## [Problem statement]
From the first line to the last, give the data again exactly.

## [Given entries]
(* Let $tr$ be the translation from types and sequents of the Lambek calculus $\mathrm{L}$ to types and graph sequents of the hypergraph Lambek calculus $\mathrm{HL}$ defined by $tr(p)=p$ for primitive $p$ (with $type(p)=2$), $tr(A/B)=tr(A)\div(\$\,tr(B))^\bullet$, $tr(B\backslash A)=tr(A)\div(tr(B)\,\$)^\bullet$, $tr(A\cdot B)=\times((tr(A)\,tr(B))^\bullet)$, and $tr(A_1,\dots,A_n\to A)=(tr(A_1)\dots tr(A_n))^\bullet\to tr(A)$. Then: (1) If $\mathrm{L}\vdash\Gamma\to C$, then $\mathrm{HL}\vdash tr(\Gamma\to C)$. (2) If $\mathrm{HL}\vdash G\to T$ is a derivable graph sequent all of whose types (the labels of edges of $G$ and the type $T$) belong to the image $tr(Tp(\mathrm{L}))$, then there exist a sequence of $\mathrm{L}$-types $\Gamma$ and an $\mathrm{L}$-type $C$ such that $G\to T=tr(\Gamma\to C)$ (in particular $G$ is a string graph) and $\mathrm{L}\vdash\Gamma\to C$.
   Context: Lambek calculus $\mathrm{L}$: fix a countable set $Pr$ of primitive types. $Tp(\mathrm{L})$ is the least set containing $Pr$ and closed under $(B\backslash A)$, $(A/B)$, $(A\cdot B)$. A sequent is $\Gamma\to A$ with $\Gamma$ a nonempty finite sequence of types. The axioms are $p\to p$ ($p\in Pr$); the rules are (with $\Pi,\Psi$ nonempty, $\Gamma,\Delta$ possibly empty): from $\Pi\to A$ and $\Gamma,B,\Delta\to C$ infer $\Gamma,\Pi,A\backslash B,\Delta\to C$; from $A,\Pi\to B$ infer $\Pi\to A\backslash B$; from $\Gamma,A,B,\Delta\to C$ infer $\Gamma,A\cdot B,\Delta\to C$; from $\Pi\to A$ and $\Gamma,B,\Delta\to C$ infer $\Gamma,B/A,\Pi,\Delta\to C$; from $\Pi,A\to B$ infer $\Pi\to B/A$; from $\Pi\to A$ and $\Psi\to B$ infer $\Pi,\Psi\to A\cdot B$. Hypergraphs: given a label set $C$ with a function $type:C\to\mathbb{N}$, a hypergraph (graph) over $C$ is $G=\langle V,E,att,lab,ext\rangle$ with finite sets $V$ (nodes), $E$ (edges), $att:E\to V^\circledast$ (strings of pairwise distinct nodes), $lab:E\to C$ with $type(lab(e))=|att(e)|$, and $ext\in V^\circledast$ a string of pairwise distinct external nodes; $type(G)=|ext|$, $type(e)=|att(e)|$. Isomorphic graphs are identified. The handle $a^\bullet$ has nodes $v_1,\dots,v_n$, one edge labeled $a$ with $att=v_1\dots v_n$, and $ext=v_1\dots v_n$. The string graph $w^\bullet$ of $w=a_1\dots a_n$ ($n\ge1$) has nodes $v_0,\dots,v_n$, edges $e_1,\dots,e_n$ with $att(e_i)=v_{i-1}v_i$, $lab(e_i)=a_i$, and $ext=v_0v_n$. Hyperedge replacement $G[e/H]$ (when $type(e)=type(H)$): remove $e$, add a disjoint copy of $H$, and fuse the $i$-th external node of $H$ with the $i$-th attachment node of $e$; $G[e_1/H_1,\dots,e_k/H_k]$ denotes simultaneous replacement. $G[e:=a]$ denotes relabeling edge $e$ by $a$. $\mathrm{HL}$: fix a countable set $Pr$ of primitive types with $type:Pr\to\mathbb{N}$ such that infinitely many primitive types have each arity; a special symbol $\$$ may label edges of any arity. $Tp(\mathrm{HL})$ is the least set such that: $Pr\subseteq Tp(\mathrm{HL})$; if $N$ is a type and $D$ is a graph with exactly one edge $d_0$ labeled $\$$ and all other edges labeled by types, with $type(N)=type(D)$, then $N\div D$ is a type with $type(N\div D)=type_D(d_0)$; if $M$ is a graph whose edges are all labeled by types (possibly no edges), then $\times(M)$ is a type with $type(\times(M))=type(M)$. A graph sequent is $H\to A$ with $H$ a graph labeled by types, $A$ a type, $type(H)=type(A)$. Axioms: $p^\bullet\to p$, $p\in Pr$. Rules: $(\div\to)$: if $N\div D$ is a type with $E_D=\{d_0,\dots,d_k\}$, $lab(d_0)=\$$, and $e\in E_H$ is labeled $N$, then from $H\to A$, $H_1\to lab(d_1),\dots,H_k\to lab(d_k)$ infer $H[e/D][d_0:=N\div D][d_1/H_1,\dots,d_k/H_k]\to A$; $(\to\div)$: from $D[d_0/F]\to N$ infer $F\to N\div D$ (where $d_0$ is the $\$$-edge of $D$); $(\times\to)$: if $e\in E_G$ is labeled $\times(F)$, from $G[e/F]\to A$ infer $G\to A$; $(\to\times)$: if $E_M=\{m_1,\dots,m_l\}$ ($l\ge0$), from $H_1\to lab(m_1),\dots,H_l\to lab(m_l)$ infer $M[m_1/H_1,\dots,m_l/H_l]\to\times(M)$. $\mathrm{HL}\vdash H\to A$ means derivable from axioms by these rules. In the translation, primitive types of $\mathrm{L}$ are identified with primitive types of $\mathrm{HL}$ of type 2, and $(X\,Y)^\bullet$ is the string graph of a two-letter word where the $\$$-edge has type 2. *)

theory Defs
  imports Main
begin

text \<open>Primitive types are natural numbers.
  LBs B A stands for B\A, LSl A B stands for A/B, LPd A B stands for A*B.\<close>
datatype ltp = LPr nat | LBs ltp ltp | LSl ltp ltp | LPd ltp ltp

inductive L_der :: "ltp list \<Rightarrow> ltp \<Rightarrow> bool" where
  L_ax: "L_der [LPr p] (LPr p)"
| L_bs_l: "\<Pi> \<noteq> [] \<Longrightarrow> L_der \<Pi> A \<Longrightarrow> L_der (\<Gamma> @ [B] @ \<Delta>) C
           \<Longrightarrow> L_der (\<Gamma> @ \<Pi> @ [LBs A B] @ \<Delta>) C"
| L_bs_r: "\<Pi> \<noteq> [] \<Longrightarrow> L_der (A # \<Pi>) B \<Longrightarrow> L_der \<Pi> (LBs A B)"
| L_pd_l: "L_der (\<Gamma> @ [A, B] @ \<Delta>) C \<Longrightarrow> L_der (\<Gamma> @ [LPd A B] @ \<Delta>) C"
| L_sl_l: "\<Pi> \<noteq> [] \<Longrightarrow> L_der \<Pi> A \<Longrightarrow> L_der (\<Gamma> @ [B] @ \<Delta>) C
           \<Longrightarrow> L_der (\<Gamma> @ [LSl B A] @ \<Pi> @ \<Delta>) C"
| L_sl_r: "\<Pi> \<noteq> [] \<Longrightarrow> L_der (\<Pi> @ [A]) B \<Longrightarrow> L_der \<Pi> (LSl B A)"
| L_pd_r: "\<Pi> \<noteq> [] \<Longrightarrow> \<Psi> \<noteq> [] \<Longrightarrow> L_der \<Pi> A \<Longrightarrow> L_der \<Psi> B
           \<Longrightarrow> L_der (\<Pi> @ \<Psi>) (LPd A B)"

## [Result of this exercise]
(* Let $tr$ be the translation from types and sequents of the Lambek calculus $\mathrm{L}$ to types and graph sequents of the hypergraph Lambek calculus $\mathrm{HL}$ defined by $tr(p)=p$ for primitive $p$ (with $type(p)=2$), $tr(A/B)=tr(A)\div(\$\,tr(B))^\bullet$, $tr(B\backslash A)=tr(A)\div(tr(B)\,\$)^\bullet$, $tr(A\cdot B)=\times((tr(A)\,tr(B))^\bullet)$, and $tr(A_1,\dots,A_n\to A)=(tr(A_1)\dots tr(A_n))^\bullet\to tr(A)$. Then: (1) If $\mathrm{L}\vdash\Gamma\to C$, then $\mathrm{HL}\vdash tr(\Gamma\to C)$. (2) If $\mathrm{HL}\vdash G\to T$ is a derivable graph sequent all of whose types (the labels of edges of $G$ and the type $T$) belong to the image $tr(Tp(\mathrm{L}))$, then there exist a sequence of $\mathrm{L}$-types $\Gamma$ and an $\mathrm{L}$-type $C$ such that $G\to T=tr(\Gamma\to C)$ (in particular $G$ is a string graph) and $\mathrm{L}\vdash\Gamma\to C$.
   Context: Lambek calculus $\mathrm{L}$: fix a countable set $Pr$ of primitive types. $Tp(\mathrm{L})$ is the least set containing $Pr$ and closed under $(B\backslash A)$, $(A/B)$, $(A\cdot B)$. A sequent is $\Gamma\to A$ with $\Gamma$ a nonempty finite sequence of types. The axioms are $p\to p$ ($p\in Pr$); the rules are (with $\Pi,\Psi$ nonempty, $\Gamma,\Delta$ possibly empty): from $\Pi\to A$ and $\Gamma,B,\Delta\to C$ infer $\Gamma,\Pi,A\backslash B,\Delta\to C$; from $A,\Pi\to B$ infer $\Pi\to A\backslash B$; from $\Gamma,A,B,\Delta\to C$ infer $\Gamma,A\cdot B,\Delta\to C$; from $\Pi\to A$ and $\Gamma,B,\Delta\to C$ infer $\Gamma,B/A,\Pi,\Delta\to C$; from $\Pi,A\to B$ infer $\Pi\to B/A$; from $\Pi\to A$ and $\Psi\to B$ infer $\Pi,\Psi\to A\cdot B$. Hypergraphs: given a label set $C$ with a function $type:C\to\mathbb{N}$, a hypergraph (graph) over $C$ is $G=\langle V,E,att,lab,ext\rangle$ with finite sets $V$ (nodes), $E$ (edges), $att:E\to V^\circledast$ (strings of pairwise distinct nodes), $lab:E\to C$ with $type(lab(e))=|att(e)|$, and $ext\in V^\circledast$ a string of pairwise distinct external nodes; $type(G)=|ext|$, $type(e)=|att(e)|$. Isomorphic graphs are identified. The handle $a^\bullet$ has nodes $v_1,\dots,v_n$, one edge labeled $a$ with $att=v_1\dots v_n$, and $ext=v_1\dots v_n$. The string graph $w^\bullet$ of $w=a_1\dots a_n$ ($n\ge1$) has nodes $v_0,\dots,v_n$, edges $e_1,\dots,e_n$ with $att(e_i)=v_{i-1}v_i$, $lab(e_i)=a_i$, and $ext=v_0v_n$. Hyperedge replacement $G[e/H]$ (when $type(e)=type(H)$): remove $e$, add a disjoint copy of $H$, and fuse the $i$-th external node of $H$ with the $i$-th attachment node of $e$; $G[e_1/H_1,\dots,e_k/H_k]$ denotes simultaneous replacement. $G[e:=a]$ denotes relabeling edge $e$ by $a$. $\mathrm{HL}$: fix a countable set $Pr$ of primitive types with $type:Pr\to\mathbb{N}$ such that infinitely many primitive types have each arity; a special symbol $\$$ may label edges of any arity. $Tp(\mathrm{HL})$ is the least set such that: $Pr\subseteq Tp(\mathrm{HL})$; if $N$ is a type and $D$ is a graph with exactly one edge $d_0$ labeled $\$$ and all other edges labeled by types, with $type(N)=type(D)$, then $N\div D$ is a type with $type(N\div D)=type_D(d_0)$; if $M$ is a graph whose edges are all labeled by types (possibly no edges), then $\times(M)$ is a type with $type(\times(M))=type(M)$. A graph sequent is $H\to A$ with $H$ a graph labeled by types, $A$ a type, $type(H)=type(A)$. Axioms: $p^\bullet\to p$, $p\in Pr$. Rules: $(\div\to)$: if $N\div D$ is a type with $E_D=\{d_0,\dots,d_k\}$, $lab(d_0)=\$$, and $e\in E_H$ is labeled $N$, then from $H\to A$, $H_1\to lab(d_1),\dots,H_k\to lab(d_k)$ infer $H[e/D][d_0:=N\div D][d_1/H_1,\dots,d_k/H_k]\to A$; $(\to\div)$: from $D[d_0/F]\to N$ infer $F\to N\div D$ (where $d_0$ is the $\$$-edge of $D$); $(\times\to)$: if $e\in E_G$ is labeled $\times(F)$, from $G[e/F]\to A$ infer $G\to A$; $(\to\times)$: if $E_M=\{m_1,\dots,m_l\}$ ($l\ge0$), from $H_1\to lab(m_1),\dots,H_l\to lab(m_l)$ infer $M[m_1/H_1,\dots,m_l/H_l]\to\times(M)$. $\mathrm{HL}\vdash H\to A$ means derivable from axioms by these rules. In the translation, primitive types of $\mathrm{L}$ are identified with primitive types of $\mathrm{HL}$ of type 2, and $(X\,Y)^\bullet$ is the string graph of a two-letter word where the $\$$-edge has type 2. *)

theory Defs
  imports Main
begin

text \<open>Primitive types are natural numbers.
  LBs B A stands for B\A, LSl A B stands for A/B, LPd A B stands for A*B.\<close>
datatype ltp = LPr nat | LBs ltp ltp | LSl ltp ltp | LPd ltp ltp

inductive L_der :: "ltp list \<Rightarrow> ltp \<Rightarrow> bool" where
  L_ax: "L_der [LPr p] (LPr p)"
| L_bs_l: "\<Pi> \<noteq> [] \<Longrightarrow> L_der \<Pi> A \<Longrightarrow> L_der (\<Gamma> @ [B] @ \<Delta>) C
           \<Longrightarrow> L_der (\<Gamma> @ \<Pi> @ [LBs A B] @ \<Delta>) C"
| L_bs_r: "\<Pi> \<noteq> [] \<Longrightarrow> L_der (A # \<Pi>) B \<Longrightarrow> L_der \<Pi> (LBs A B)"
| L_pd_l: "L_der (\<Gamma> @ [A, B] @ \<Delta>) C \<Longrightarrow> L_der (\<Gamma> @ [LPd A B] @ \<Delta>) C"
| L_sl_l: "\<Pi> \<noteq> [] \<Longrightarrow> L_der \<Pi> A \<Longrightarrow> L_der (\<Gamma> @ [B] @ \<Delta>) C
           \<Longrightarrow> L_der (\<Gamma> @ [LSl B A] @ \<Pi> @ \<Delta>) C"
| L_sl_r: "\<Pi> \<noteq> [] \<Longrightarrow> L_der (\<Pi> @ [A]) B \<Longrightarrow> L_der \<Pi> (LSl B A)"
| L_pd_r: "\<Pi> \<noteq> [] \<Longrightarrow> \<Psi> \<noteq> [] \<Longrightarrow> L_der \<Pi> A \<Longrightarrow> L_der \<Psi> B
           \<Longrightarrow> L_der (\<Pi> @ \<Psi>) (LPd A B)"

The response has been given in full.